Former UW President Responds to Investigation Report
Former University of Wyoming President Laurie Nichols slammed the university's trustees for investigating her without telling her, not allowing her to respond to two complaints about allegedly abusive behavior, and violating the university's rules for an investigation.
"I sorely regret that the Trustees decided to hide these complaints from me and never ask for my response," Nichols said in a prepared statement through her attorney Megan Goetz.
"Instead for months, I was led to believe I would be at UW for another 3 years. I wanted to continue as UW’s President. The documents confirm that the terms of my renewed contract were negotiated and finalized with the Trustees. During the time of this secret investigation, I was being recruited for two other university presidential positions. I passed on them because my renewed contract with UW was negotiated and done," Nichols said.
In March, the trustees announced that they were not renewing Nichols' three-year contract and instead offered her a teaching position, a decision that garnered criticism from the university's students, faculty and staff, and Gov. Mark Gordon.
Nichols, who began her role July 1, 2016, said the trustees blindsided her and offered no explanation. She is now the president of Black Hills State University in Spearfish, S.D.

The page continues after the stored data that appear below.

lemma lq_norm_vscale:
  assumes "0 < q" "x \<in> lq q"
  shows "lq_norm q (vscale c x) = \<bar>c\<bar> * lq_norm q x"
proof -
  have "(\<Sum>i. \<bar>vscale c x i\<bar> powr q) = \<bar>c\<bar> powr q * (\<Sum>i. \<bar>x i\<bar> powr q)"
    using assms(2) unfolding lq_def by (simp add: vscale_def abs_mult powr_mult suminf_mult)
  moreover have "0 \<le> (\<Sum>i. \<bar>x i\<bar> powr q)"
    using assms(2) unfolding lq_def by (intro suminf_nonneg) auto
  ultimately show ?thesis
    unfolding lq_norm_def using assms(1) by (simp add: powr_mult powr_powr)
qed

lemma lq_norm_quasi_triangle:
  assumes "1 \<le> q" "x \<in> lq q" "y \<in> lq q"
  shows "lq_norm q (vadd x y) \<le> 4 * (lq_norm q x + lq_norm q y)"
proof -
  define S where "S z = (\<Sum>i. \<bar>z i\<bar> powr q)" for z :: "nat \<Rightarrow> real"
  have sx: "summable (\<lambda>i. \<bar>x i\<bar> powr q)" and sy: "summable (\<lambda>i. \<bar>y i\<bar> powr q)"
    and sxy: "summable (\<lambda>i. \<bar>x i + y i\<bar> powr q)"
    using assms lq_vadd[of q x y] unfolding lq_def vadd_def by auto
  have S0: "0 \<le> S x" "0 \<le> S y" "0 \<le> S (\<lambda>i. x i + y i)"
    unfolding S_def using sx sy sxy by (auto intro!: suminf_nonneg)
  have "S (\<lambda>i. x i + y i) \<le> (\<Sum>i. 2 powr q * (\<bar>x i\<bar> powr q + \<bar>y i\<bar> powr q))"
    unfolding S_def using abs_add_powr_le[of q] assms(1) sxy sx sy
    by (intro suminf_le summable_mult summable_add) auto
  also have "\<dots> = 2 powr q * (S x + S y)"
    unfolding S_def using sx sy by (simp add: suminf_mult suminf_add summable_add)
  also have "\<dots> \<le> 2 powr q * (2 * max (S x) (S y))"
    by (intro mult_left_mono) auto
  finally have "S (\<lambda>i. x i + y i) powr (1 / q) \<le> (2 powr q * (2 * max (S x) (S y))) powr (1 / q)"
    using S0 assms(1) by (intro powr_mono2) auto
  also have "\<dots> = 2 * 2 powr (1 / q) * max (S x) (S y) powr (1 / q)"
    using S0 assms(1) by (simp add: powr_mult powr_powr)
  also have "\<dots> \<le> 2 * 2 * (S x powr (1 / q) + S y powr (1 / q))"
  proof (rule mult_mono)
    show "2 * 2 powr (1 / q) \<le> 2 * 2"
      using assms(1) powr_mono[of "1 / q" 1 2] by simp
    show "max (S x) (S y) powr (1 / q) \<le> S x powr (1 / q) + S y powr (1 / q)"
      by (simp add: max_def)
  qed auto
  finally show ?thesis
    unfolding lq_norm_def S_def vadd_def by simp
qed

lemma quasinormed_space_lq:
  assumes "1 \<le> q"
  shows "quasinormed_space (lq q) (lq_norm q)"
proof
  show "(\<lambda>_. 0) \<in> lq q"
    by (simp add: lq_def)
  show "0 \<le> lq_norm q x" for x
    by (simp add: lq_norm_def)
qed (use assms lq_vadd lq_vscale lq_norm_vscale lq_norm_quasi_triangle in auto)

definition rat_seq :: "rat list \<Rightarrow> nat \<Rightarrow> real"
  where "rat_seq xs i = (if i < length xs then of_rat (xs ! i) else 0)"

lemma rat_seq_in_lq: "rat_seq xs \<in> lq q"
  unfolding lq_def mem_Collect_eq by (rule summable_finite[of "{..<length xs}"]) (auto simp: rat_seq_def)

lemma exists_rat_approx:
  fixes y :: "nat \<Rightarrow> real"
  assumes "0 < \<delta>"
  shows "\<exists>r :: nat \<Rightarrow> rat. \<forall>i. \<bar>y i - of_rat (r i)\<bar> < \<delta>"
proof -
  have "\<exists>r::rat. \<bar>y i - of_rat r\<bar> < \<delta>" for i
  proof -
    obtain x where "x \<in> \<rat>" "y i - \<delta> < x" "x < y i + \<delta>"
      using Rats_dense_in_real[of "y i - \<delta>" "y i + \<delta>"] assms by auto
    moreover from \<open>x \<in> \<rat>\<close> obtain r where "x = of_rat r"
      by (auto elim: Rats_cases)
    ultimately show ?thesis
      by (intro exI[of _ r]) auto
  qed
  then show ?thesis
    by metis
qed

lemma lq_rat_seq_dense:
  assumes q: "0 < q" and y: "y \<in> lq q" and e: "0 < e"
  shows "\<exists>xs. lq_norm q (vdiff y (rat_seq xs)) < e"
proof -
  define t where "t = e powr q"
  have "0 < t"
    unfolding t_def using e by simp
  have sy: "summable (\<lambda>i. \<bar>y i\<bar> powr q)"
    using y unfolding lq_def by auto
  obtain n where tail: "norm (\<Sum>i. \<bar>y (i + n)\<bar> powr q) < t / 2"
    using suminf_exist_split[of "t / 2" "\<lambda>i. \<bar>y i\<bar> powr q"] \<open>0 < t\<close> sy by auto
  define \<delta> where "\<delta> = (t / (2 * (real n + 1))) powr (1 / q)"
  have "0 < \<delta>"
    unfolding \<delta>_def using \<open>0 < t\<close> by simp
  then obtain r where r: "\<And>i. \<bar>y i - of_rat (r i)\<bar> < \<delta>"
    using exists_rat_approx[of \<delta> y] by blast
  define d where "d = vdiff y (rat_seq (map r [0..<n]))"
  have d_tail: "d (i + n) = y (i + n)" for i
    unfolding d_def rat_seq_def by (simp add: vdiff_def)
  have d_head: "\<bar>d i\<bar> < \<delta>" if "i < n" for i
    unfolding d_def rat_seq_def using r[of i] that by (simp add: vdiff_def)
  have "summable (\<lambda>i. \<bar>d (i + n)\<bar> powr q)"
    unfolding d_tail using sy summable_iff_shift[of "\<lambda>i. \<bar>y i\<bar> powr q" n] by simp
  then have sd: "summable (\<lambda>i. \<bar>d i\<bar> powr q)"
    using summable_iff_shift[of "\<lambda>i. \<bar>d i\<bar> powr q" n] by simp
  have "(\<Sum>i<n. \<bar>d i\<bar> powr q) \<le> (\<Sum>i<n. \<delta> powr q)"
    using d_head q by (intro sum_mono powr_mono2) (auto intro: less_imp_le)
  also have "\<dots> = t / 2 * (real n / (real n + 1))"
    unfolding \<delta>_def using \<open>0 < t\<close> q by (simp add: powr_powr field_simps)
  also have "\<dots> \<le> t / 2"
    using \<open>0 < t\<close> by (intro mult_left_le) auto
  finally have "(\<Sum>i. \<bar>d i\<bar> powr q) < t"
    using suminf_split_initial_segment[OF sd, of n] tail unfolding d_tail by simp
  then have "(\<Sum>i. \<bar>d i\<bar> powr q) powr (1 / q) < t powr (1 / q)"
    using sd q by (intro powr_less_mono2) (auto intro: suminf_nonneg)
  also have "t powr (1 / q) = e"
    unfolding t_def using e q by (simp add: powr_powr)
  finally show ?thesis
    unfolding lq_norm_def d_def by blast
qed

definition incl_proj :: "nat \<Rightarrow> (nat \<Rightarrow> real) \<Rightarrow> nat \<times> nat \<Rightarrow> real"
  where "incl_proj n y = incl_n n (proj_n n y)"

lemma incl_proj_apply: "incl_proj n y (m, i) = (if m = n \<and> i < n then y i else 0)"
  by (simp add: incl_proj_def incl_n_def proj_n_def)

lemma incl_proj_zero: "incl_proj n (\<lambda>_. 0) = (\<lambda>_. 0)"
  by (auto simp: fun_eq_iff incl_proj_apply)

lemma incl_proj_in_Xsp: "incl_proj n y \<in> Xsp p q"
  unfolding Xsp_def mem_Collect_eq
proof (intro conjI allI impI)
  show "summable (\<lambda>m. ((\<Sum>i<m. \<bar>incl_proj n y (m, i)\<bar> powr q) powr (1 / q)) powr p)"
    by (rule summable_finite[of "{n}"]) (auto simp: incl_proj_apply)
qed (simp add: incl_proj_apply)

lemma X_norm_incl_proj_le:
  assumes "0 < p" "0 < q" "y \<in> lq q"
  shows "X_norm p q (incl_proj n y) \<le> lq_norm q y"
proof -
  have "(\<Sum>m. ((\<Sum>i<m. \<bar>incl_proj n y (m, i)\<bar> powr q) powr (1 / q)) powr p)
      = ((\<Sum>i<n. \<bar>y i\<bar> powr q) powr (1 / q)) powr p"
    by (subst suminf_finite[of "{n}"]) (auto simp: incl_proj_apply)
  then have "X_norm p q (incl_proj n y) = (\<Sum>i<n. \<bar>y i\<bar> powr q) powr (1 / q)"
    unfolding X_norm_def using assms(1) by (simp add: powr_powr)
  also have "\<dots> \<le> (\<Sum>i. \<bar>y i\<bar> powr q) powr (1 / q)"
    using assms lq_def by (intro powr_mono2 sum_le_suminf) (auto intro: sum_nonneg)
  finally show ?thesis
    unfolding lq_norm_def .
qed

lemma linear_contraction_incl_proj:
  assumes "0 < p" "1 \<le> q"
  shows "linear_contraction (lq q) (lq_norm q) (Xsp p q) (X_norm p q) (incl_proj n)"
proof (intro linear_contraction.intro linear_contraction_axioms.intro quasinormed_space_lq assms(2))
  show "incl_proj n (vadd x y) = vadd (incl_proj n x) (incl_proj n y)" for x y
    by (auto simp: fun_eq_iff vadd_def incl_proj_apply)
  show "incl_proj n (vscale c x) = vscale c (incl_proj n x)" for c x
    by (auto simp: fun_eq_iff vscale_def incl_proj_apply)
  show "0 \<le> X_norm p q w" for w
    by (simp add: X_norm_def)
qed (use assms X_norm_incl_proj_le incl_proj_in_Xsp in auto)

lemma hoelder_jet_family_restrictions:
  assumes "0 < p" "1 \<le> q" and jet: "hoelder_jet_on (Xsp p q) (X_norm p q) k \<alpha> M D"
    and "0 < \<alpha>" "\<alpha> \<le> 1" "0 \<le> M"
  shows "\<exists>c. hoelder_jet_family (lq q) (lq_norm q) k \<alpha> M c
    (\<lambda>n j y hs. D j (incl_proj n y) (map (incl_proj n) hs))"
proof -
  define c where "c = (\<Sum>j\<le>k. \<bar>mnorm (Xsp p q) (X_norm p q) j (D j (\<lambda>_. 0))\<bar>)"
  have "hoelder_jet_family (lq q) (lq_norm q) k \<alpha> M c (\<lambda>n j y hs. D j (incl_proj n y) (map (incl_proj n) hs))"
  proof (intro hoelder_jet_family.intro hoelder_jet_family_axioms.intro quasinormed_space_lq assms(2))
    fix n
    interpret linear_contraction "lq q" "lq_norm q" "Xsp p q" "X_norm p q" "incl_proj n"
      using assms(1,2) by (rule linear_contraction_incl_proj)
    show "hoelder_jet (lq q) (lq_norm q) k \<alpha> M (\<lambda>j y hs. D j (incl_proj n y) (map (incl_proj n) hs))"
      using assms by (intro hoelder_jet.intro hoelder_jet_axioms.intro quasinormed_space_lq hoelder_jet_on_comp) auto
  next
    fix n j assume "j \<le> k"
    interpret linear_contraction "lq q" "lq_norm q" "Xsp p q" "X_norm p q" "incl_proj n"
      using assms(1,2) by (rule linear_contraction_incl_proj)
    have "bounded_multilinear_on (Xsp p q) (X_norm p q) j (D j (\<lambda>_. 0))"
      using jet \<open>j \<le> k\<close> incl_proj_in_Xsp[of n "\<lambda>_. 0" p q] unfolding hoelder_jet_on_def incl_proj_zero by auto
    then have "mnorm (lq q) (lq_norm q) j (\<lambda>hs. D j (incl_proj n (\<lambda>_. 0)) (map (incl_proj n) hs))
        \<le> mnorm (Xsp p q) (X_norm p q) j (D j (\<lambda>_. 0))"
      unfolding incl_proj_zero by (rule mnorm_comp_le)
    also have "\<dots> \<le> c"
      using abs_ge_self member_le_sum[of j "{..k}" "\<lambda>j. \<bar>mnorm (Xsp p q) (X_norm p q) j (D j (\<lambda>_. 0))\<bar>"] \<open>j \<le> k\<close>
      unfolding c_def by (simp add: order_trans)
    finally show "mnorm (lq q) (lq_norm q) j (\<lambda>hs. D j (incl_proj n (\<lambda>_. 0)) (map (incl_proj n) hs)) \<le> c" .
  qed
  then show ?thesis
    by blast
qed

theorem proposition3p4:
  fixes p q r :: real
    and F :: "(nat \<times> nat \<Rightarrow> real) \<Rightarrow> real"
  assumes "1 < p" and "1 < q" and "1 < r"
    and "uniformly_H_smooth (Xsp p q) (X_norm p q) r F"
  shows "\<exists>(s :: nat \<Rightarrow> nat) (Fstar :: (nat \<Rightarrow> real) \<Rightarrow> real).
           strict_mono s
         \<and> (\<forall>y\<in>lq q. (\<lambda>j. F (incl_n (s j) (proj_n (s j) y))) \<longlonglongrightarrow> Fstar y)
         \<and> uniformly_H_smooth (lq q) (lq_norm q) r Fstar"
proof -
  define k where "k = nat (\<lceil>r\<rceil> - 1)"
  define \<alpha> where "\<alpha> = r - real k"
  obtain D M where "0 < M" and D0: "\<forall>y\<in>Xsp p q. D 0 y [] = F y"
    and jet: "hoelder_jet_on (Xsp p q) (X_norm p q) k \<alpha> M D"
    using assms(4) unfolding uniformly_H_smooth_iff k_def \<alpha>_def by blast
  have "0 < \<alpha>" "\<alpha> \<le> 1"
    unfolding \<alpha>_def k_def using assms(3) ceiling_correct[of r] le_of_int_ceiling[of r] by linarith+
  then obtain c where
    "hoelder_jet_family (lq q) (lq_norm q) k \<alpha> M c (\<lambda>n j y hs. D j (incl_proj n y) (map (incl_proj n) hs))"
    using hoelder_jet_family_restrictions[of p q k \<alpha> M D] assms(1,2) jet \<open>0 < M\<close> by auto
  then interpret hoelder_jet_family "lq q" "lq_norm q" k \<alpha> M c
    "\<lambda>n j y hs. D j (incl_proj n y) (map (incl_proj n) hs)" .
  obtain s D' where "strict_mono s" and lim: "\<And>j y hs. j \<le> k \<Longrightarrow> y \<in> lq q \<Longrightarrow> length hs = j \<Longrightarrow>
      set hs \<subseteq> lq q \<Longrightarrow> (\<lambda>m. D j (incl_proj (s m) y) (map (incl_proj (s m)) hs)) \<longlonglongrightarrow> D' j y hs"
    and "hoelder_jet_on (lq q) (lq_norm q) k \<alpha> M D'"
  proof (rule convergent_subsequence[of "range rat_seq"])
    show "\<exists>y'\<in>range rat_seq. lq_norm q (vdiff y y') < e" if "y \<in> lq q" "0 < e" for y e
      using lq_rat_seq_dense[of q y e] that assms(2) by auto
  qed (use rat_seq_in_lq that in auto)
  moreover have "(\<lambda>m. F (incl_n (s m) (proj_n (s m) y))) \<longlonglongrightarrow> D' 0 y []" if "y \<in> lq q" for y
    using lim[of 0 y "[]"] that D0 incl_proj_in_Xsp unfolding incl_proj_def by simp
  ultimately show ?thesis
    unfolding uniformly_H_smooth_iff k_def[symmetric] \<alpha>_def[symmetric] using \<open>0 < M\<close>
    by (intro exI[of _ s] exI[of _ "\<lambda>y. D' 0 y []"]) blast
qed

end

Tuesday, the university released more than 100 pages of documents that include allegations that Nichols yelled at a university foundation employee about an invasive species initiative and at a staff member over a student’s interaction with her dog.
Those employee complaints apparently were the cause of the trustees not renewing Nichols' contract, she wrote.
Nichols recounted how the trustees directed her to cut the university's budget by $42 million, and that difficult work continued until she left, she added. "I can accept that people may have had criticisms of me as a boss."
But she insisted she never treated anyone abusively, and the reports about that alleged behavior did not arise during a mid-term evaluation in 2018, she wrote.
Likewise, the documents' redactions make it difficult to understand the substance of the complaints; the identities of those who complained; how they were interviewed; no findings or even a summary of allegations; and no notes that that the interviews occurred, Nichols wrote.
"Unequivocally, I can say that I was not interviewed, let alone told about the complaints or investigation," she wrote.
The night of the incident in which she allegedly confronted an employee's encounter with a dog at her house also was the night that personal property was stolen from her house, she wrote.
Nichols also could have responded to an allegation that she angrily confronted a UW Foundation employee, but again, she was not asked, she wrote.
"I am very disappointed that I was given zero opportunity to try and work through the issues," she wrote.
The records show the trustees investigated her according to a university policy, Nichols wrote.
But that policy requires the trustees to notify the person who is subject of a complaint, and to prepare a report and share it with all involved including her, she added.
"It’s clear the Trustees did not follow their own policy, despite paying a Colorado company thousands of dollars," Nichols said, referring to the contract with Employment Matters LLC Flynn Investigations Group.
Nichols concluded her statement saying she was bothered that two employees had concerns that were hidden from her and how the trustees treated her so poorly.
She enjoys her work at Black Hills State University, she said. "However, I continue to wish the people of Wyoming nothing but the best."